I am trying to find the general solution of $x^{2} u_{xx} -2xy u_{xy} + y^{2} u_{yy} = e^{x}$. The equation is parabolic as the only root of the characteristic equation is $\lambda = \frac{y}{x}$. Changing variables to $\xi (x,y) = xy, \eta (x, y) = y$, one gets that the canonical form of the aforementioned PDE is
$ v_{\eta \eta} - \frac{2 \xi}{\eta ^2} v_{\xi} - \frac{1}{\eta ^2} e^{\frac{\xi}{\eta}} = 0. $
I know it's possible to find an explicit expression for the general solution, but I don't know how to do it.
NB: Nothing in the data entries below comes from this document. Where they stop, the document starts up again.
lemma ones_image_subset_extremes:
  assumes P: "P \<subseteq> cube n" and not_covered: "ones ` P \<noteq> {0..n}"
    and interior_bad: "\<And>x. x \<in> P \<Longrightarrow> 0 < ones x \<Longrightarrow> ones x < n \<Longrightarrow> \<not> good n (OneMinMax n) P x"
  shows "ones ` P \<subseteq> {0, n}"
proof (rule ccontr)
  have le_n: "ones ` P \<subseteq> {0..n}"
    using P ones_le_length by (fastforce simp: cube_def)
  assume "\<not> ones ` P \<subseteq> {0, n}"
  then obtain k where "k \<in> ones ` P" "0 < k" "k < n"
    using le_n by fastforce
  then have "{0..n} \<subseteq> ones ` P"
  proof (rule interval_subset_if_closed)
    fix k assume k: "k \<in> ones ` P" "0 < k" "k < n"
    then obtain x where x: "x \<in> P" "ones x = k"
      by blast
    have no_gap: "j \<in> ones ` P" if "j \<le> n" "j + 1 = k \<or> j = k + 1" for j
      using interior_bad[OF x(1)] good_OneMinMax_iff[OF P, of x] x k that by auto
    show "k - 1 \<in> ones ` P \<and> k + 1 \<in> ones ` P"
      using no_gap[of "k - 1"] no_gap[of "k + 1"] k by simp
  qed
  with le_n not_covered show False
    by blast
qed

lemma good_if_ones_image_subset_extremes:
  assumes "2 \<le> n" "P \<subseteq> cube n" "ones ` P \<subseteq> {0, n}" "x \<in> P"
  shows "good n (OneMinMax n) P x"
proof -
  have gaps: "1 \<notin> ones ` P" "n - 1 \<notin> ones ` P"
    using assms by (auto dest!: subsetD)
  obtain j where "j \<le> n" "j \<notin> ones ` P" "j + 1 = ones x \<or> j = ones x + 1"
  proof (cases "ones x = 0")
    case True
    then show thesis
      using that[of 1] gaps assms(1) by auto
  next
    case False
    then have "ones x = n"
      using assms by auto
    then show thesis
      using that[of "n - 1"] gaps assms(1) by auto
  qed
  then show ?thesis
    using assms good_OneMinMax_iff[of P n x] by blast
qed

lemma good_non_extreme_in_top_ranks:
  assumes df: "diversity_favouring n (OneMinMax n) (cube n - {replicate n False, replicate n True}) sc"
    and rk: "is_score_ranking sc rk" and pop: "population n (OneMinMax n) P"
    and y: "y \<in> P" "y \<notin> {replicate n False, replicate n True}" "good n (OneMinMax n) P y"
  obtains i where "i \<le> 2" "i < card P" "good n (OneMinMax n) P (rk P ! i)"
proof -
  define E where "E = {replicate n False, replicate n True}"
  define G where "G x \<longleftrightarrow> x \<notin> E \<and> good n (OneMinMax n) P x" for x
  note L = score_ranking_population[OF rk pop]
  have "P \<subseteq> cube n"
    using pop by (simp add: population_OneMinMax_iff)
  obtain i where i: "i < length (rk P)" "G (rk P ! i)"
    using y L(2) unfolding G_def E_def by (metis in_set_conv_nth)
  have above: "sc P x < sc P y"
    if "x \<in> set (rk P)" "y \<in> set (rk P)" "x \<notin> E" "\<not> G x" "G y" for x y
    using that df pop L(2) \<open>P \<subseteq> cube n\<close>
    unfolding diversity_favouring_def bad_def pareto_set_OneMinMax E_def G_def by blast
  have "finite E"
    by (simp add: E_def)
  obtain k where "k \<le> card E" "k < length (rk P)" "G (rk P ! k)"
    by (rule sorted_ranking_first_index_le[where G = G, OF L(1,3) \<open>finite E\<close> i above])
  moreover have "card E \<le> 2"
    by (simp add: E_def card_insert_le_m1)
  ultimately show thesis
    using that[of k] L(4) by (simp add: G_def)
qed

lemma good_in_top_ranks:
  assumes "2 \<le> n"
    and df: "diversity_favouring n (OneMinMax n) (cube n - {replicate n False, replicate n True}) sc"
    and rk: "is_score_ranking sc rk"
    and pop: "population n (OneMinMax n) P"
    and not_covered: "\<not> covers_front n (OneMinMax n) P"
  obtains i where "i \<le> 2" "i < card P" "good n (OneMinMax n) P (rk P ! i)"
proof (cases "\<exists>y\<in>P. y \<notin> {replicate n False, replicate n True} \<and> good n (OneMinMax n) P y")
  case True
  then obtain y where "y \<in> P" "y \<notin> {replicate n False, replicate n True}" "good n (OneMinMax n) P y"
    by blast
  from good_non_extreme_in_top_ranks[OF df rk pop this that] show thesis .
next
  case False
  have P: "P \<noteq> {}" "P \<subseteq> cube n" "finite P"
    using pop finite_cube finite_subset by (auto simp: population_OneMinMax_iff)
  have "ones ` P \<subseteq> {0, n}"
  proof (rule ones_image_subset_extremes[OF P(2)])
    show "ones ` P \<noteq> {0..n}"
      using not_covered covers_front_OneMinMax_iff[OF P(2)] by simp
    fix x assume "x \<in> P" "0 < ones x" "ones x < n"
    then show "\<not> good n (OneMinMax n) P x"
      using False by (auto simp: ones_replicate)
  qed
  moreover have "0 < card P"
    using P by (simp add: card_gt_0_iff)
  moreover from this have "rk P ! 0 \<in> P"
    using score_ranking_population(2,4)[OF rk pop] nth_mem by fastforce
  ultimately show thesis
    using that[of 0] good_if_ones_image_subset_extremes[OF assms(1) P(2)] by simp
qed

section \<open>Drift of the potential\<close>

lemma step_support:
  assumes rk: "is_score_ranking sc rk" and pop: "population n (OneMinMax n) P"
    and Q: "Q \<in> set_pmf (step m s n (OneMinMax n) rk P)"
  obtains z where "z \<in> cube n" "Q = update (OneMinMax n) P z"
proof -
  have P: "P \<noteq> {}" "P \<subseteq> cube n" "finite P"
    using pop finite_cube finite_subset by (auto simp: population_OneMinMax_iff)
  from Q obtain i z where i: "i \<in> set_pmf (rank_index_pmf s (card P))"
      and z: "z \<in> set_pmf (mutate m n (rk P ! i))" and "Q = update (OneMinMax n) P z"
    by (auto simp: step_def)
  moreover have "rk P ! i \<in> P"
    using rank_index_less[OF _ i] P score_ranking_population[OF rk pop]
    by (metis card_gt_0_iff nth_mem)
  then have "z \<in> cube n"
    using z P(2) length_mutate by (auto simp: cube_def)
  ultimately show thesis
    using that by blast
qed

lemma prob_step_covers_level_ge:
  assumes n: "2 \<le> n" and rk: "is_score_ranking sc rk" and pop: "population n (OneMinMax n) P"
    and i: "i \<le> 2" "i < card P"
    and j: "j \<le> n" "j + 1 = ones (rk P ! i) \<or> j = ones (rk P ! i) + 1"
  shows "top_rank_prob s n * (flips_to_level n j / (exp 1 * n))
    \<le> measure_pmf.prob (step m s n (OneMinMax n) rk P) {Q. j \<in> ones ` Q}"
proof -
  define x where "x = rk P ! i"
  define R where "R = rank_index_pmf s (card P)"
  define K where "K = (\<lambda>y. map_pmf (update (OneMinMax n) P) (mutate m n y))"
  have "x \<in> P"
    using i score_ranking_population[OF rk pop] nth_mem by (metis x_def)
  then have "length x = n"
    using pop by (auto simp: population_OneMinMax_iff cube_def)
  have "top_rank_prob s n \<le> pmf R i"
    unfolding R_def using i card_population_le[OF pop] by (intro top_rank_prob_le_pmf_rank_index)
  also have "\<dots> \<le> pmf (map_pmf ((!) (rk P)) R) x"
    unfolding x_def by (rule pmf_map_pmf_ge)
  finally have sel: "top_rank_prob s n \<le> pmf (map_pmf ((!) (rk P)) R) x" .
  have "flips_to_level n j / (exp 1 * n) \<le> measure_pmf.prob (mutate m n x) {z. ones z = j}"
    using n j \<open>length x = n\<close> by (intro prob_mutate_level_ge) (auto simp: x_def)
  also have "\<dots> \<le> measure_pmf.prob (K x) {Q. j \<in> ones ` Q}"
    by (auto simp: K_def ones_image_update intro!: measure_pmf.finite_measure_mono)
  finally have hit: "flips_to_level n j / (exp 1 * n) \<le> measure_pmf.prob (K x) {Q. j \<in> ones ` Q}" .
  have "top_rank_prob s n * (flips_to_level n j / (exp 1 * n))
      \<le> pmf (map_pmf ((!) (rk P)) R) x * measure_pmf.prob (K x) {Q. j \<in> ones ` Q}"
    using sel hit top_rank_prob_pos[of s n] by (intro mult_mono) auto
  also have "\<dots> \<le> measure_pmf.prob (bind_pmf (map_pmf ((!) (rk P)) R) K) {Q. j \<in> ones ` Q}"
    by (rule prob_bind_pmf_ge)
  finally show ?thesis
    by (simp add: step_def R_def K_def)
qed

definition potential :: "selection \<Rightarrow> nat \<Rightarrow> pop \<Rightarrow> real" where
  "potential s n P = exp 1 * real n / top_rank_prob s n * (\<Sum>j\<in>{0..n} - ones ` P. 1 / real (flips_to_level n j))"

lemma potential_nonneg: "0 \<le> potential s n P"
  using top_rank_prob_pos[of s n] by (simp add: potential_def sum_nonneg)

lemma potential_le: "potential s n P \<le> exp 1 * real n / top_rank_prob s n * (\<Sum>j=0..n. 1 / real (flips_to_level n j))"
  unfolding potential_def using top_rank_prob_pos[of s n]
  by (intro mult_left_mono sum_mono2) auto

lemma potential_decrease:
  assumes "ones ` P \<subseteq> ones ` Q" "j \<in> {0..n} - ones ` P"
  shows "potential s n Q + exp 1 * real n / top_rank_prob s n / real (flips_to_level n j) * indicator {Q. j \<in> ones ` Q} Q
    \<le> potential s n P"
proof -
  define f where "f j = 1 / real (flips_to_level n j)" for j
  have "(\<Sum>k\<in>{0..n} - ones ` Q. f k) + f j * indicator {Q. j \<in> ones ` Q} Q \<le> (\<Sum>k\<in>{0..n} - ones ` P. f k)"
  proof (cases "j \<in> ones ` Q")
    case True
    have "(\<Sum>k\<in>{0..n} - ones ` Q. f k) \<le> (\<Sum>k\<in>{0..n} - ones ` P - {j}. f k)"
      using assms True by (intro sum_mono2) (auto simp: f_def)
    then show ?thesis
      using True assms(2) by (simp add: sum_diff1)
  next
    case False
    then show ?thesis
      using assms(1) by (auto simp: f_def intro!: sum_mono2)
  qed
  then have "exp 1 * real n / top_rank_prob s n * ((\<Sum>k\<in>{0..n} - ones ` Q. f k) + f j * indicator {Q. j \<in> ones ` Q} Q)
      \<le> exp 1 * real n / top_rank_prob s n * (\<Sum>k\<in>{0..n} - ones ` P. f k)"
    using top_rank_prob_pos[of s n] by (intro mult_left_mono) auto
  then show ?thesis
    by (simp add: potential_def f_def algebra_simps)
qed
text \<open>Two identities hold in every Kenmotsu chart: \<nabla>_X \<xi> = X - \<eta>(X) \<xi>, and d\<eta> = 0.
  In an adapted chart \<eta>(\<partial>_0) = 1, so d\<eta> = 0 gives \<partial>_0 \<eta>_i = 0 and hence the fields
  \<delta>/\<delta>x^i and \<partial>/\<partial>x^0 commute pairwise. Torsion-freeness then gives
  \<nabla>_\<xi> \<delta>_i = \<nabla>_\<delta>_i \<xi> = \<delta>_i; Koszul's formula for this commuting frame yields the
  \<delta>_k-components \<Gamma>^k_ij of \<nabla>_\<delta>_i \<delta>_j, and its \<xi>-component is
  \<eta>(\<nabla>_\<delta>_i \<delta>_j) = \<delta>_i(\<eta>(\<delta>_j)) - g(\<nabla>_\<delta>_i \<xi>, \<delta>_j) = -g_ij.\<close>

lemma pd_cong:
  assumes "open U" "p \<in> U" "\<And>q. q \<in> U \<Longrightarrow> f q = f' q"
  shows "pd a f p = pd a f' p"
proof -
  have "(\<lambda>F. (f has_derivative F) (at p)) = (\<lambda>F. (f' has_derivative F) (at p))"
    using has_derivative_transform_within_open[OF _ assms(1,2)] assms(3)
    by (metis (no_types, lifting))
  then show ?thesis unfolding pd_def frechet_derivative_def by simp
qed

lemma pd_eq_derivative:
  assumes "(f has_derivative F) (at p)" shows "pd a f p = F (axis a 1)"
  using frechet_derivative_at[OF assms] unfolding pd_def by simp

lemma pd_const [simp]: "pd a (\<lambda>q. c) p = 0"
  unfolding pd_def by simp

lemma pd_diff:
  assumes "f differentiable at p" "h differentiable at p"
  shows "pd a (\<lambda>q. f q - h q) p = pd a f p - pd a h p"
  using pd_eq_derivative[OF has_derivative_diff[OF assms[unfolded frechet_derivative_works]]]
  unfolding pd_def by simp

lemma pd_mult:
  fixes f h :: "real^'m::finite \<Rightarrow> real"
  assumes "f differentiable at p" "h differentiable at p"
  shows "pd a (\<lambda>q. f q * h q) p = f p * pd a h p + pd a f p * h p"
  using pd_eq_derivative[OF has_derivative_mult[OF assms[unfolded frechet_derivative_works]]]
  unfolding pd_def by simp

lemma pd_sum:
  fixes f :: "'i \<Rightarrow> real^'m::finite \<Rightarrow> real"
  assumes "finite S" "\<And>i. i \<in> S \<Longrightarrow> f i differentiable at p"
  shows "pd a (\<lambda>q. \<Sum>i\<in>S. f i q) p = (\<Sum>i\<in>S. pd a (f i) p)"
proof -
  have "((\<lambda>q. \<Sum>i\<in>S. f i q) has_derivative (\<lambda>v. \<Sum>i\<in>S. frechet_derivative (f i) (at p) v)) (at p)"
    using assms by (intro has_derivative_sum) (simp add: frechet_derivative_works)
  from pd_eq_derivative[OF this] show ?thesis unfolding pd_def by simp
qed

lemma smooth_fun_differentiable: "smooth_fun U f \<Longrightarrow> p \<in> U \<Longrightarrow> f differentiable at p"
  by (erule smooth_fun.cases) auto

lemma axis_one_nth: "axis i (1::real) $ j = (if j = i then 1 else 0)"
  unfolding axis_def by simp
text \<open>Near the endpoints, where \<open>sin_mode 1\<close> vanishes, \<open>h\<close> is approximated by
  \<open>sin_mode 1 * (h / max (sin_mode 1) (1 / (m + 1)))\<close>, which converges to \<open>h\<close> boundedly
  on \<open>(0, 1)\<close>.\<close>

lemma continuous_in_closure_sine_polys:
  assumes h: "continuous_on {0..1} h"
  shows "h \<in> L2_01_closure sine_polys"
proof -
  obtain B where B: "\<And>x. x \<in> {0..1} \<Longrightarrow> \<bar>h x\<bar> \<le> B"
    using continuous_on_compact_bound[OF compact_Icc h] by auto
  define d where "d m = inverse (real (Suc m))" for m
  have d: "d m > 0" for m
    unfolding d_def by simp
  define G where "G m x = h x / max (sin_mode 1 x) (d m)" for m x
  have G: "continuous_on {0..1} (G m)" for m
    unfolding G_def using d[of m]
    by (intro continuous_intros h continuous_on_sin_mode) (auto simp: max_def)
  show ?thesis
  proof (rule sine_polys.closure_dominated_limit[where h="\<lambda>m x. sin_mode 1 x * G m x" and w="\<lambda>x. B\<^sup>2"])
    show "L2_01 h"
      by (rule L2_01_continuous[OF h])
    show "L2_01 (\<lambda>x. sin_mode 1 x * G m x)" for m
      by (intro L2_01_continuous continuous_intros continuous_on_sin_mode G)
    show "(\<lambda>x. sin_mode 1 x * G m x) \<in> L2_01_closure sine_polys" for m
    proof (rule sine_polys.closure_uniform_limit)
      show "L2_01 (\<lambda>x. sin_mode 1 x * G m x)"
        by (intro L2_01_continuous continuous_intros continuous_on_sin_mode G)
      show "\<exists>s\<in>sine_polys. \<forall>x\<in>{0..1}. \<bar>sin_mode 1 x * G m x - s x\<bar> \<le> e" if "e > 0" for e
        using sine_polys_uniform_approx[OF G that] by metis
    qed
    have "AE x in lebesgue_01. x \<noteq> 0 \<and> x \<noteq> 1"
      by (intro AE_I'[where N="{0, 1}"]) (auto simp: null_sets_restrict_space countable_imp_null_set_lborel
          intro!: null_sets_completionI)
    then show "AE x in lebesgue_01. (\<lambda>m. sin_mode 1 x * G m x) \<longlonglongrightarrow> h x"
    proof (rule AE_mp, intro AE_I2 impI)
      fix x
      assume "x \<in> space lebesgue_01" "x \<noteq> 0 \<and> x \<noteq> 1"
      then have pos: "sin_mode 1 x > 0"
        unfolding sin_mode_def by (intro sin_gt_zero) auto
      have "\<forall>\<^sub>F m in sequentially. d m < sin_mode 1 x"
        unfolding d_def using order_tendstoD(2)[OF LIMSEQ_inverse_real_of_nat pos] .
      then have "\<forall>\<^sub>F m in sequentially. sin_mode 1 x * G m x = h x"
        by eventually_elim (use pos in \<open>simp add: G_def max_def\<close>)
      then show "(\<lambda>m. sin_mode 1 x * G m x) \<longlonglongrightarrow> h x"
        by (rule tendsto_eventually)
    qed
    show "AE x in lebesgue_01. (h x - sin_mode 1 x * G m x)\<^sup>2 \<le> B\<^sup>2" for m
    proof (intro AE_I2)
      fix x
      assume x: "x \<in> space lebesgue_01"
      have "\<bar>h x - sin_mode 1 x * G m x\<bar> \<le> \<bar>h x\<bar>"
        unfolding G_def using x d[of m]
        by (intro abs_diff_mult_divide_max_le) (auto simp: sin_mode_def intro: sin_ge_zero)
      also have "\<dots> \<le> B"
        using B x by simp
      finally have "\<bar>h x - sin_mode 1 x * G m x\<bar>\<^sup>2 \<le> B\<^sup>2"
        by (intro power_mono) auto
      then show "(h x - sin_mode 1 x * G m x)\<^sup>2 \<le> B\<^sup>2"
        by simp
    qed
  qed simp
qed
I have tried to approach the problem by finding first the general solution of the homogeneous case (taking the $e^{\frac{\xi}{\eta}}$ out of the equation), but I still don't know what to do.
:(
We could try to separate variables with $u(x,y)=f_1(x)+f_2(y)$
This leads to $$x^{2} \left(\frac{d^{2}}{d x^{2}}\mathit{f_1}\! \left(x\right)\right)+y^{2} \left(\frac{d^{2}}{d y^{2}}\mathit{f_2}\! \left(y\right)\right)={\mathrm e}^{x}$$
This equation can be solved by the identities: $$\frac{d^{2}}{d x^{2}}f_{1}\! \left(x\right)=\frac{k}{x^{2}}+\frac{{\mathrm e}^{x}}{x^{2}}$$
$$\frac{d^{2}}{d y^{2}}f_{2}\! \left(y\right)=-\frac{k}{y^{2}}$$
Verify: $$x^{2}\cdot \left(\frac{k}{x^{2}}+\frac{{\mathrm e}^{x}}{x^{2}}\right)+y^{2}\cdot \left(-\frac{k}{y^{2}}\right)=e^{x}$$
Now we can solve both separated ODEs:
$$\mathit{f_1}(x)= \mathrm{Ei}\! \left(x\right)\cdot \left(x-1\right)-{\mathrm e}^{x}-k\cdot \ln\! \left(x\right)+c_{1}\cdot x+c_{2}$$
$$f_{2}(y)= k\cdot\ln\left(y\right)+C_{1} y+C_{2}$$
HINT: $Ei(z)$ is the exponential integral.
Finally we get
$$u(x,y)=\mathrm{Ei}\! \left(x\right)\cdot \left(x-1\right)-{\mathrm e}^{x}+c_{1}\cdot x+c_{2}+k\cdot \ln\! \left(\frac{y}{x}\right)+C_{1}\cdot y+C_{2}$$
$[k, c_1, c_2, C_1, C_2] \in \mathbb{R}$ are arbitrary constants.
PS I'm not pretty sure if this is the most general solution.